> _Work instruction_
Of all the entries below, only the lines from the one with "theory Defs" up to and including the one with "n-tuple of distinct positive" are to be duplicated exactly.

---------- Extracted records ----------

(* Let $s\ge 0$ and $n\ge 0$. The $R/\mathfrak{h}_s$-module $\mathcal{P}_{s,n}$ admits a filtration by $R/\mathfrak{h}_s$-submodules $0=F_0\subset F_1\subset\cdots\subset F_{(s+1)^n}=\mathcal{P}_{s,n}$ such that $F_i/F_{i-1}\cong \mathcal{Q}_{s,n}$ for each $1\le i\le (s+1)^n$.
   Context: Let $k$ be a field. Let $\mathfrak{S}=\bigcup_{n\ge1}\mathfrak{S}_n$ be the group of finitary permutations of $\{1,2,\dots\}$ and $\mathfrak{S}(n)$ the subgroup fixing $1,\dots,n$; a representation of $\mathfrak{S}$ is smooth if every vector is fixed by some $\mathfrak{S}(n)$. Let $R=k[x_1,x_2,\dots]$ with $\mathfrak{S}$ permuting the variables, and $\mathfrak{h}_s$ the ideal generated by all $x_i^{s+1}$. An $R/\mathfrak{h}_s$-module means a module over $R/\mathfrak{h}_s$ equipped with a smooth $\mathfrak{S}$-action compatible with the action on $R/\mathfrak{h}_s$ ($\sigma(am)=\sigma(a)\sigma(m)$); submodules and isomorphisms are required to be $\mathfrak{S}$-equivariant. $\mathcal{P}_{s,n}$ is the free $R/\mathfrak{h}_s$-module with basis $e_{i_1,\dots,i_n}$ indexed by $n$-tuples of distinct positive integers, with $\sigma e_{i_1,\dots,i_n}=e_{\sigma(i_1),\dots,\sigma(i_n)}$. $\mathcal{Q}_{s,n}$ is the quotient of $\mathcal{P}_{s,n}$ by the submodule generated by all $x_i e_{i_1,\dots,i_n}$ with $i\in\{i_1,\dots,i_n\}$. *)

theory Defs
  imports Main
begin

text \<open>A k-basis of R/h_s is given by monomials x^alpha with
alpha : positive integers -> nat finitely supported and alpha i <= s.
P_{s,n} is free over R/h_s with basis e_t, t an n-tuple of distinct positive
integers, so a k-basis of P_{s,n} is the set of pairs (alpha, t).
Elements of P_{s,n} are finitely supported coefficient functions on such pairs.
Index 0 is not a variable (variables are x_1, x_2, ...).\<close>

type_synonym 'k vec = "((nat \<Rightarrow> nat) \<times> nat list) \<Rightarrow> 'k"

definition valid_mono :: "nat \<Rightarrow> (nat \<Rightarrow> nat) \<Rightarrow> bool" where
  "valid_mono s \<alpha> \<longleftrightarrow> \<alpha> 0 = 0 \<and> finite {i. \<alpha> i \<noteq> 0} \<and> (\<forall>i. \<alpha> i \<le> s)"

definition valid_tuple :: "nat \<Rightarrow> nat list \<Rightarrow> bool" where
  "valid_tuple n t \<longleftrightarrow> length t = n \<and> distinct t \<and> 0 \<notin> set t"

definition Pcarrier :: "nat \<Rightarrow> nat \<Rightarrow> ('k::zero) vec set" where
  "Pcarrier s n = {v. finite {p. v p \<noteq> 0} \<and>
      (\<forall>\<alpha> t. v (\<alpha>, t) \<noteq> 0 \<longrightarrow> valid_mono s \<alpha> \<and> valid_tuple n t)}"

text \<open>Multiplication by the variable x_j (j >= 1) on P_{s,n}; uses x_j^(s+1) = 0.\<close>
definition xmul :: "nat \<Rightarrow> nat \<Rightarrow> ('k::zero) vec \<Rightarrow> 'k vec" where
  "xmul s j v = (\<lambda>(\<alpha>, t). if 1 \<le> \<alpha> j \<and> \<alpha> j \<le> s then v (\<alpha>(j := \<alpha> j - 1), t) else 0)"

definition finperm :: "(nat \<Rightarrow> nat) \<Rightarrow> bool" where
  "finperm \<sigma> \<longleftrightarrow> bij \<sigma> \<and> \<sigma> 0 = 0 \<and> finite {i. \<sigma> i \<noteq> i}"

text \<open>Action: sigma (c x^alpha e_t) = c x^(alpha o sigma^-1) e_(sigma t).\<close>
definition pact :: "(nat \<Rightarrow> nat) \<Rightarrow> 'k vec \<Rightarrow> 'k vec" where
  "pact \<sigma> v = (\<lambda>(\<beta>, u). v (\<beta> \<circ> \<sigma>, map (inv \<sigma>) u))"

----------

> _Response to the task_
theory Defs
  imports Main
begin

text \<open>A k-basis of R/h_s is given by monomials x^alpha with
alpha : positive integers -> nat finitely supported and alpha i <= s.
P_{s,n} is free over R/h_s with basis e_t, t an n-tuple of distinct positive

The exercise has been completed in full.